Я испуганно уговаривала тетю этого не делать, но не преуспела, и ушла она, строя всевозможные планы по возвращению мне принца. Папа хмуро пообещал с ней поговорить и тоже ушел — выполнять мою просьбу, чтобы семье Дитера показали все же дело его дяди. А я осталась одна в комнате, где не так давно очень весело жила в компании Катарины. Все ее вещи были убраны, но, казалось, еще что-то незримое витало в воздухе, напоминая о бывшей подруге. На моей кровати почистили покрывало и подушку, которые были залиты кофе во время нашей борьбы. Теперь на них не осталось ни малейшего пятнышка. Но запах, горьковатый запах кофе, преследовал меня, где бы я ни была, и вызывал чувство беспомощности и паники. Пить его, наверно, я не смогу больше никогда. Да и находиться тут мне было просто тяжело — казалось, комната на меня давила, все хорошие воспоминания в ней были похоронены последним событием. Мне было страшно. Я какое-то время пыталась бороться с этим недостойным чувством, а потом подумала, что ведь ничего ужасного не случится, если я схожу к иноре Пфафф и попрошу меня переселить. Бороться со своими страхами можно и в другом месте — главное ведь результат. Здесь я не уверена даже, что смогу одна заснуть. А если я не высплюсь, то о какой борьбе вообще можно вести речь?
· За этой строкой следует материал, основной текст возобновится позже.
lemma distortion_thbar_le_gamma: "s \<le> t \<Longrightarrow> distortion (thbar \<theta> s) \<le> gamma \<theta> t"
  unfolding gamma_def distortion_def by (intro Max_ge) auto

text \<open>
  The s = 0 term vanishes because thbar 0 = I; this is where the exponent t - 1 comes from
  (for t = 0 it truncates to 0 and both sides are 0).
\<close>

lemma drift_sum_le_gamma:
  assumes "0 \<le> \<alpha>" "\<alpha> \<le> 1"
  shows "(\<Sum>s<t. (1 - \<alpha>) * distortion (thbar \<theta> s) * \<alpha> ^ s) \<le> gamma \<theta> t * \<alpha> * (1 - \<alpha> ^ (t - 1))"
proof (cases t)
  case (Suc n)
  have "(\<Sum>s<t. (1 - \<alpha>) * distortion (thbar \<theta> s) * \<alpha> ^ s)
      = (\<Sum>s<n. (1 - \<alpha>) * distortion (thbar \<theta> (Suc s)) * \<alpha> ^ Suc s)"
    unfolding Suc sum.lessThan_Suc_shift by (simp add: distortion_orthogonal orthogonal_matrix_id)
  also have "\<dots> \<le> (\<Sum>s<n. (1 - \<alpha>) * gamma \<theta> t * \<alpha> ^ Suc s)"
  proof (intro sum_mono mult_right_mono mult_left_mono)
    fix s assume "s \<in> {..<n}"
    with Suc show "distortion (thbar \<theta> (Suc s)) \<le> gamma \<theta> t"
      by (intro distortion_thbar_le_gamma) simp
  qed (use assms in simp_all)
  also have "\<dots> = gamma \<theta> t * \<alpha> * ((1 - \<alpha>) * (\<Sum>s<n. \<alpha> ^ s))"
    by (simp add: sum_distrib_left mult_ac)
  finally show ?thesis
    by (simp add: Suc one_diff_power_eq)
qed simp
Но сходить к комендантше я не успела. Ко мне зашла Софи. Она охала и ахала, расспрашивая меня о здоровье и о том, что же все-таки случилось в этой комнате. Отвечала я ей неохотно — слишком много за сегодня говорила на эту тему, да и вообще мне хотелось перелистнуть эту страницу с Катариной как можно скорее, если уж вырвать ее из книги моей жизни никак нельзя. Софи, видно, почувствовала, что мне неприятен этот разговор, и замолчала. А потом вдруг спросила:
— Эри, а можно, я к тебе переселюсь?
— Ты же так радовалась, что с Инессой живешь? — удивилась я.
— Да она все время мне выговаривает, какие мы с тобой неблагодарные, даже спасибо ей не сказали за такое успешное выступление на соревнованиях. Но она же ничего не делала! Совсем ничего! Получается, она врет! Но ведь тогда выходит, что и остальные ее рассказы такие же.
В голосе Софи звучало искреннее возмущение поведением своей соседки и непонимание, как можно приписывать себе чужие заслуги. Для этой девушки постоянное вранье было делом немыслимым — сама честная до невозможности, она и от других ожидала того же. И вдруг такое разочарование. Прекрасный инессин облик в ее глазах не просто треснул, а развалился на тысячи мелких неприглядных осколков.
— Мне тоже кажется, что она по большей части неправду говорит, — согласилась я. — Да и если и проскальзывает там случайно что-то правдивое, то остается совсем незамеченным.
— Но зачем ей все время врать? — недоуменно спросила Софи.
— Хочется быть в центре внимания, — пожала я плечами. — А поскольку ничего у нее нет, кроме умения красиво сочинять, им и привлекает.
— Она, наверно, очень несчастная, — расстроенно сказала девушка, — а тут я еще от нее уйду. Зря я это затеяла.
— Вовсе нет, — торопливо заговорила я. — Софи, мне одной здесь страшно находиться. Поверь, ты мне нужна намного больше, чем Инессе.
Я вдруг подумала, что мы с Софи сблизились за последнее время, ведь постоянные тренировки этому очень способствовали. И единственное раздражающее меня качество этой девушки — излишняя доверчивость — в полной мере применимо и ко мне. Ведь только такая дура, как я, могла идти на поводу у Катарины. И хотя для того, чтобы дружить, совсем необязательно проживать в одной комнате, все равно быть вместе с подругой намного интереснее. В конце концов, ведь нельзя из-за одной предательницы сторониться других девушек.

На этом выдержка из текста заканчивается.